* _Activity_:
Your task is to find every line in the records that holds the string "have" and copy it.

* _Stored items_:
====
lemma dist_complex_of_vec2 [simp]: "dist (complex_of_vec2 x) (complex_of_vec2 y) = dist x y"
  using linear_diff[OF linear_complex_of_vec2, of x y]
  by (simp add: dist_norm complex_of_vec2_def norm_vec_def L2_set_def sum_2 cmod_def)

lemma closure_complex_of_vec2_image:
  "closure (complex_of_vec2 ` S) = complex_of_vec2 ` closure S"
  using closure_injective_linear_image[OF linear_complex_of_vec2 bij_is_inj[OF bij_complex_of_vec2]]
  by simp

lemma frontier_complex_of_vec2_image:
  "frontier (complex_of_vec2 ` S) = complex_of_vec2 ` frontier S"
  using interior_bijective_linear_image[OF linear_complex_of_vec2 bij_complex_of_vec2]
  by (simp add: frontier_def closure_complex_of_vec2_image
      image_set_diff[OF bij_is_inj[OF bij_complex_of_vec2]])

lemma Jordan_domains_closure_near_vec2:
  fixes p q :: "real \<Rightarrow> real^2"
  assumes p: "simple_path p" "pathfinish p = pathstart p"
    and q: "simple_path q" "pathfinish q = pathstart q"
    and M: "open M" "bounded M" "connected M" "frontier M = path_image p"
    and N: "open N" "bounded N" "connected N" "frontier N = path_image q"
    and near: "\<And>s. s \<in> {0..1} \<Longrightarrow> dist (p s) (q s) \<le> \<epsilon>"
    and x: "x \<in> closure M"
  shows "\<exists>y\<in>closure N. dist x y \<le> \<epsilon>"
proof -
  let ?\<phi> = complex_of_vec2
  note lin = linear_complex_of_vec2 and bij = bij_complex_of_vec2
  have image_domain: "open (?\<phi> ` S) \<and> bounded (?\<phi> ` S) \<and> connected (?\<phi> ` S)"
    if "open S" "bounded S" "connected S" for S
    using that open_bijective_linear_image_eq[OF lin bij] connected_linear_image[OF lin]
      bounded_linear_image[OF _ linear_conv_bounded_linear[THEN iffD1, OF lin]] by auto
  have simple_loop: "simple_path (?\<phi> \<circ> g) \<and> pathfinish (?\<phi> \<circ> g) = pathstart (?\<phi> \<circ> g)"
    if "simple_path g" "pathfinish g = pathstart g" for g
    using that simple_path_linear_image_eq[OF lin bij_is_inj[OF bij]]
    by (simp add: pathfinish_compose pathstart_compose)
  have "\<exists>y'\<in>closure (?\<phi> ` N). dist (?\<phi> x) y' \<le> \<epsilon>"
    using Jordan_domains_closure_near[of "?\<phi> \<circ> p" "?\<phi> \<circ> q" "?\<phi> ` M" "?\<phi> ` N" \<epsilon> "?\<phi> x"]
      simple_loop[OF p] simple_loop[OF q] image_domain[OF M(1-3)] image_domain[OF N(1-3)]
      M(4) N(4) near x
    by (simp add: frontier_complex_of_vec2_image closure_complex_of_vec2_image path_image_compose)
  then show ?thesis
    by (auto simp: closure_complex_of_vec2_image)
qed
====
* _Solution for this task_:
  have image_domain: "open (?\<phi> ` S) \<and> bounded (?\<phi> ` S) \<and> connected (?\<phi> ` S)"
  have simple_loop: "simple_path (?\<phi> \<circ> g) \<and> pathfinish (?\<phi> \<circ> g) = pathstart (?\<phi> \<circ> g)"
  have "\<exists>y'\<in>closure (?\<phi> ` N). dist (?\<phi> x) y' \<le> \<epsilon>"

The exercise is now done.